Some additional information, the Linear regulator runs a bit hot, while it is running with 3.5V differential the total current is close to 500 mA at maximum, so a bit of heat sink is in order to keep fingerprints from disappearing when touching the regulator. Alternatively, this may not be an issue when turning full power only for the exposure, instead of the slow increase for testing.
At lower levels, power/pwm noise is more visible in the resulting picture I am very pleased with the results after adding the onboard regulator, the noise seen on the protoboard is gone.

PS. Keep in mind that the integrating sphere is an oversized ping pong ball.

To adjust for eye logarithmic response, the 16 bit PWM = pow(x,1.33337), where x range is 0 to 0xFFF (12 bits).
By using this function, linear increments of x result into exponential increments of the PWM.
The video below is the initial control testing (including the function above) for up/down through 10 preset. The steps were captured using a potentiometer to then create an array of the steps which the video runs up/down in a loop.
Looks like we have pretty decent control.

– fantastic results!

I think your approach driving the LEDs with constant current is superior to using for example a Femtobuck driver, as the later will always have some high-frequency ripple in the LED-current, which is hard to quantify and to come by.

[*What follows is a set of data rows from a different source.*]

theorem lemma6:
  fixes p \<nu> :: nat
  assumes "1 \<le> \<nu>" and "\<nu> \<le> p"
  shows "dval \<nu> (qpol p (\<nu> - 1)) 1 =
           1 / ((-2) ^ (\<nu> + 1) * fact \<nu>) *
           (fact (p + 1 + \<nu>) / fact (p + 1 - \<nu>) + fact (p + \<nu>) / fact (p - \<nu>)) \<and>
         dval \<nu> (qpol p (\<nu> - 1)) (-1) =
           (-1) ^ p / ((-2) ^ (\<nu> + 1) * fact \<nu>) *
           (fact (p + 1 + \<nu>) / fact (p + 1 - \<nu>) - fact (p + \<nu>) / fact (p - \<nu>)) \<and>
         alpha p \<nu> = -1 / ((-2) ^ (\<nu> + 1) * fact \<nu>) * (fact (p + 1 + \<nu>) / fact (p + 1 - \<nu>)) \<and>
         beta p \<nu> = -1 / ((-2) ^ (\<nu> + 1) * fact \<nu>) * (fact (p + \<nu>) / fact (p - \<nu>))"
proof -
  obtain m where \<nu>: "\<nu> = Suc m"
    using assms(1) by (cases \<nu>) auto
  define D where "D = 1 / ((-2) ^ (\<nu> + 1) * fact \<nu> :: real)"
  have "D * (fact (p + 1 + \<nu>) / fact (p + 1 - \<nu>)) = (-1) ^ (\<nu> + 1) / 2 * bessel_coeff (p + 1) \<nu>"
    and "D * (fact (p + \<nu>) / fact (p - \<nu>)) = (-1) ^ (\<nu> + 1) / 2 * bessel_coeff p \<nu>"
    unfolding D_def using assms(2) by (simp_all only: bessel_coeff_scaled)
  moreover have "1 / ((-2) ^ (\<nu> + 1) * fact \<nu>) * E = D * E"
    and "(-1) ^ p / ((-2) ^ (\<nu> + 1) * fact \<nu>) * E = (-1) ^ p * (D * E)"
    and "-1 / ((-2) ^ (\<nu> + 1) * fact \<nu>) * E = - (D * E)" for E :: real
    by (simp_all add: D_def)
  moreover have "dval \<nu> (qpol p (\<nu> - 1)) 1 = (-1) ^ (\<nu> + 1) / 2 * (bessel_coeff (p + 1) \<nu> + bessel_coeff p \<nu>)"
    and "dval \<nu> (qpol p (\<nu> - 1)) (-1) =
      (-1) ^ p * ((-1) ^ (\<nu> + 1) / 2 * (bessel_coeff (p + 1) \<nu> - bessel_coeff p \<nu>))"
    and "alpha p \<nu> = - ((-1) ^ (\<nu> + 1) / 2 * bessel_coeff (p + 1) \<nu>)"
    and "beta p \<nu> = - ((-1) ^ (\<nu> + 1) / 2 * bessel_coeff p \<nu>)"
    using dval_qpol_closed_form[of m p] alpha_beta_closed_form[OF assms(1), of p] \<nu> by (simp_all add: power_add)
  ultimately show ?thesis
    by (simp only: distrib_left right_diff_distrib)
qed

end
lemma psi_psi_inv:
  assumes mono: "strict_mono_on {0..} \<psi>" and cont: "continuous_on {0..} \<psi>"
    and "0 \<le> u" "\<psi> 0 \<le> y" "y \<le> \<psi> u"
  shows "psi_inv \<psi> y \<in> {0..u}" "\<psi> (psi_inv \<psi> y) = y"
proof -
  have "continuous_on {0..u} \<psi>"
    using cont by (rule continuous_on_subset) auto
  then obtain x where "0 \<le> x" "x \<le> u" "\<psi> x = y"
    using IVT'[of \<psi> 0 y u] assms by auto
  then show "psi_inv \<psi> y \<in> {0..u}" "\<psi> (psi_inv \<psi> y) = y"
    using psi_inv_psi[OF mono] by auto
qed

lemma clip_delta_ge:
  assumes mono: "strict_mono_on {0..} \<psi>" and cont: "continuous_on {0..} \<psi>"
    and conc: "concave_on {0..} \<psi>"
    and ab: "0 \<le> a" "a \<le> b" "b \<le> u" and "0 \<le> \<sigma>" and close: "\<psi> b - \<psi> a \<le> \<sigma>"
  shows "b - a \<le> clip_delta \<psi> \<sigma> u"
proof (rule ccontr)
  define v where "v = psi_inv \<psi> (max (\<psi> 0) (\<psi> u - \<sigma>))"
  have "\<psi> 0 \<le> \<psi> u"
    using ab by (intro strict_mono_on_leD[OF mono]) auto
  then have "\<psi> 0 \<le> max (\<psi> 0) (\<psi> u - \<sigma>)" "max (\<psi> 0) (\<psi> u - \<sigma>) \<le> \<psi> u"
    using \<open>0 \<le> \<sigma>\<close> by auto
  then have v: "v \<in> {0..u}" "\<psi> v = max (\<psi> 0) (\<psi> u - \<sigma>)"
    using psi_psi_inv[OF mono cont, of u] ab unfolding v_def by auto
  assume "\<not> b - a \<le> clip_delta \<psi> \<sigma> u"
  then have "u - v < b - a"
    by (simp add: clip_delta_def v_def)
  define a' where "a' = b - (u - v)"
  have a': "a < a'" "a' \<le> v"
    using \<open>u - v < b - a\<close> ab by (auto simp: a'_def)
  have "\<psi> u - \<psi> v \<le> \<psi> b - \<psi> a'"
    using concave_on_diff_shift_le[OF conc, of a' v "u - v"] a' ab v by (simp add: a'_def)
  also have "\<dots> < \<psi> b - \<psi> a"
    using a' ab by (simp add: strict_mono_onD[OF mono])
  finally have "\<psi> v = \<psi> 0"
    using v close by auto
  then have "v = 0"
    using v by (auto dest: strict_mono_on_eqD[OF mono])
  then show False
    using a' ab by simp
qed

lemma abs_min_diff_le_clip_delta:
  assumes mono: "strict_mono_on {0..} \<psi>" and cont: "continuous_on {0..} \<psi>"
    and conc: "concave_on {0..} \<psi>"
    and "0 \<le> x1" "0 \<le> x2" "0 \<le> u" "0 \<le> \<sigma>" and close: "\<bar>\<psi> x1 - \<psi> x2\<bar> \<le> \<sigma>"
  shows "\<bar>min x1 u - min x2 u\<bar> \<le> clip_delta \<psi> \<sigma> u"
proof -
  have psi_min: "\<psi> (min x u) = min (\<psi> x) (\<psi> u)" if "0 \<le> x" for x
    using that \<open>0 \<le> u\<close> strict_mono_on_leD[OF mono, of x u] strict_mono_on_leD[OF mono, of u x]
    by (auto simp: min_def)
  have one_side: "\<bar>min p u - min q u\<bar> \<le> clip_delta \<psi> \<sigma> u"
    if "0 \<le> q" "q \<le> p" "\<psi> p - \<psi> q \<le> \<sigma>" for p q
  proof -
    have "0 \<le> p"
      using that by linarith
    have "\<psi> q \<le> \<psi> p"
      using that by (intro strict_mono_on_leD[OF mono]) auto
    then have "\<psi> (min p u) - \<psi> (min q u) \<le> \<sigma>"
      unfolding psi_min[OF \<open>0 \<le> q\<close>] psi_min[OF \<open>0 \<le> p\<close>] using that by (auto simp: min_def)
    moreover have "0 \<le> min q u" "min q u \<le> min p u" "min p u \<le> u"
      using that \<open>0 \<le> u\<close> by auto
    ultimately show ?thesis
      using clip_delta_ge[OF mono cont conc, of "min q u" "min p u" u \<sigma>] \<open>0 \<le> \<sigma>\<close> by simp
  qed
  show ?thesis
  proof (cases "x2 \<le> x1")
    case True
    then show ?thesis
      using one_side[OF \<open>0 \<le> x2\<close> True] close by simp
  next
    case False
    then show ?thesis
      using one_side[OF \<open>0 \<le> x1\<close>, of x2] close by (simp add: abs_minus_commute)
  qed
qed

As it is visible in your above clip, the response curve (light output vs. applied current) is usually different for different LEDs. So you will probably need to use actually three different mappings from intensity to LED current (or PWM value), for each color a different one.

I encountered this issue in my approach as well and resolved it by doing a white balance on each of the five (fixed) exposure steps I am using. My current calibration for my five exposure steps looks like this:

RedLED     = [ 106, 220, 487, 1011, 1919, 0]
GreenLED   = [ 138, 303, 734, 1760, 4095, 0]
BlueLED    = [  52, 112, 246,  500,  912, 0]
LEDs       = [RedLED,GreenLED,BlueLED]

I am using only 12 bits, so 4095 is full brightness. As you can see, the actually currents for a given exposure setting which result in a whitebalanced output are quite different for the LEDs - for example, the blue LED typically runs with only half the current of the red LED, and both have lower current than the green one. The reasons is that the LEDs are indeed quite different from each other.

Thank you @cpixip.

In this case I am controlling white LEDs only, but as you point out it seems that the color balance changes with current.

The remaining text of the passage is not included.